» **THE PROBLEM**
Your task is to copy the lines of the data below from the line holding "set) \<Rightarrow> 'o" through the line holding "c' \<in> Ob", inclusive, exactly and with nothing added.

GIVEN RECORDS: Begin

(* Let $S$ be the group $\mathbb{Z}/2$, viewed as a semigroup. The category $\mathbf{OI}_{++ep}/N(S)$ is Gröbner.
   Context: Gröbner categories. Let $\mathcal{C}$ be a small category and $c$ an object. An admissible order on the morphisms out of $c$ is a choice, for every object $c'$, of a well-order $\preceq_{c'}$ on $\mathrm{Hom}(c,c')$ such that $f\prec_{c'} f'$ implies $g\circ f\prec_{c''} g\circ f'$ for all $g:c'\to c''$. On morphisms out of $c$ put the preorder $f\le g$ iff $g=h\circ f$ for some $h$; $|c/\mathcal{C}|$ is the associated poset. A poset is Noetherian if every sequence $x_1,x_2,\dots$ has $i<j$ with $x_i\le x_j$. $\mathcal{C}$ is Gröbner if for every object $c$: (G1) morphisms out of $c$ admit an admissible order, and (G2) $|c/\mathcal{C}|$ is Noetherian. $\mathbf{OI}_{++ep}$ is the category of finite ordinals $[n]=\{0<1<\dots<n\}$ with $n\ge1$ and order-preserving injections preserving both endpoints. $N(S)$ assigns $S^n$ to $[n]$, and for such $\varphi:[n]\to[m]$, $N(S)(\varphi)(t_1,\dots,t_m)=(s_1,\dots,s_n)$ with $s_i=t_{\varphi(i-1)+1}\cdots t_{\varphi(i)}$. $\mathbf{OI}_{++ep}/N(S)$ is its category of elements: objects are non-empty finite sequences $(s_1,\dots,s_n)$ in $S$; a morphism $(s_1,\dots,s_n)\to(t_1,\dots,t_m)$ is an endpoint-preserving injection $\varphi:[n]\to[m]$ with $N(S)(\varphi)(t_1,\dots,t_m)=(s_1,\dots,s_n)$. *)

theory Defs
  imports Main "HOL-Library.Numeral_Type"
begin

text \<open>A small category is presented by a set of objects Ob, hom-sets Hom a b, and
  composition cmp g f (meaning g after f).\<close>

definition admissible_order ::
  "'o set \<Rightarrow> ('o \<Rightarrow> 'o \<Rightarrow> 'm set) \<Rightarrow> ('m \<Rightarrow> 'm \<Rightarrow> 'm) \<Rightarrow> 'o \<Rightarrow> ('o \<Rightarrow> 'm rel) \<Rightarrow> bool" where
  "admissible_order Ob Hom cmp c R \<longleftrightarrow>
     (\<forall>c'\<in>Ob. well_order_on (Hom c c') (R c')) \<and>
     (\<forall>c'\<in>Ob. \<forall>c''\<in>Ob. \<forall>f\<in>Hom c c'. \<forall>f'\<in>Hom c c'. \<forall>g\<in>Hom c' c''.
        ((f, f') \<in> R c' \<and> f \<noteq> f') \<longrightarrow>
        ((cmp g f, cmp g f') \<in> R c'' \<and> cmp g f \<noteq> cmp g f'))"

definition out_mor :: "'o set \<Rightarrow> ('o \<Rightarrow> 'o \<Rightarrow> 'm set) \<Rightarrow> 'o \<Rightarrow> ('o \<times> 'm) set" where
  "out_mor Ob Hom c = {(c', f). c' \<in> Ob \<and> f \<in> Hom c c'}"

definition under_le :: "('o \<Rightarrow> 'o \<Rightarrow> 'm set) \<Rightarrow> ('m \<Rightarrow> 'm \<Rightarrow> 'm) \<Rightarrow> 'o \<times> 'm \<Rightarrow> 'o \<times> 'm \<Rightarrow> bool" where
  "under_le Hom cmp x y \<longleftrightarrow> (\<exists>h\<in>Hom (fst x) (fst y). snd y = cmp h (snd x))"

definition noetherian_on :: "'a set \<Rightarrow> ('a \<Rightarrow> 'a \<Rightarrow> bool) \<Rightarrow> bool" where
  "noetherian_on A le \<longleftrightarrow> (\<forall>x::nat \<Rightarrow> 'a. (\<forall>i. x i \<in> A) \<longrightarrow> (\<exists>i j. i < j \<and> le (x i) (x j)))"

definition groebner_cat :: "'o set \<Rightarrow> ('o \<Rightarrow> 'o \<Rightarrow> 'm set) \<Rightarrow> ('m \<Rightarrow> 'm \<Rightarrow> 'm) \<Rightarrow> bool" where
  "groebner_cat Ob Hom cmp \<longleftrightarrow>
     (\<forall>c\<in>Ob. (\<exists>R. admissible_order Ob Hom cmp c R) \<and>
              noetherian_on (out_mor Ob Hom c) (under_le Hom cmp))"

text \<open>Objects: non-empty lists (s_1,...,s_n) (list index i-1 holds s_i).
  A morphism s \<rightarrow> t (n = length s, m = length t) is an order-preserving injection
  \<phi> : [n] \<rightarrow> [m] preserving both endpoints, encoded as the list [\<phi> 0, ..., \<phi> n],
  such that s_i = t_{\<phi>(i-1)+1} \<cdots> t_{\<phi>(i)} for 1 \<le> i \<le> n.
  The semigroup S is written additively (Z/2 is abelian); the segment products are
  over non-empty segments, so only the semigroup structure matters.\<close>

definition seg_sum :: "'a::monoid_add list \<Rightarrow> nat \<Rightarrow> nat \<Rightarrow> 'a" where
  "seg_sum t a b = sum_list (take (b - a) (drop a t))"   \<comment> \<open>t_{a+1} + ... + t_b\<close>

GIVEN RECORDS: End

» **YOUR SOLUTION**
definition out_mor :: "'o set \<Rightarrow> ('o \<Rightarrow> 'o \<Rightarrow> 'm set) \<Rightarrow> 'o \<Rightarrow> ('o \<times> 'm) set" where
  "out_mor Ob Hom c = {(c', f). c' \<in> Ob \<and> f \<in> Hom c c'}"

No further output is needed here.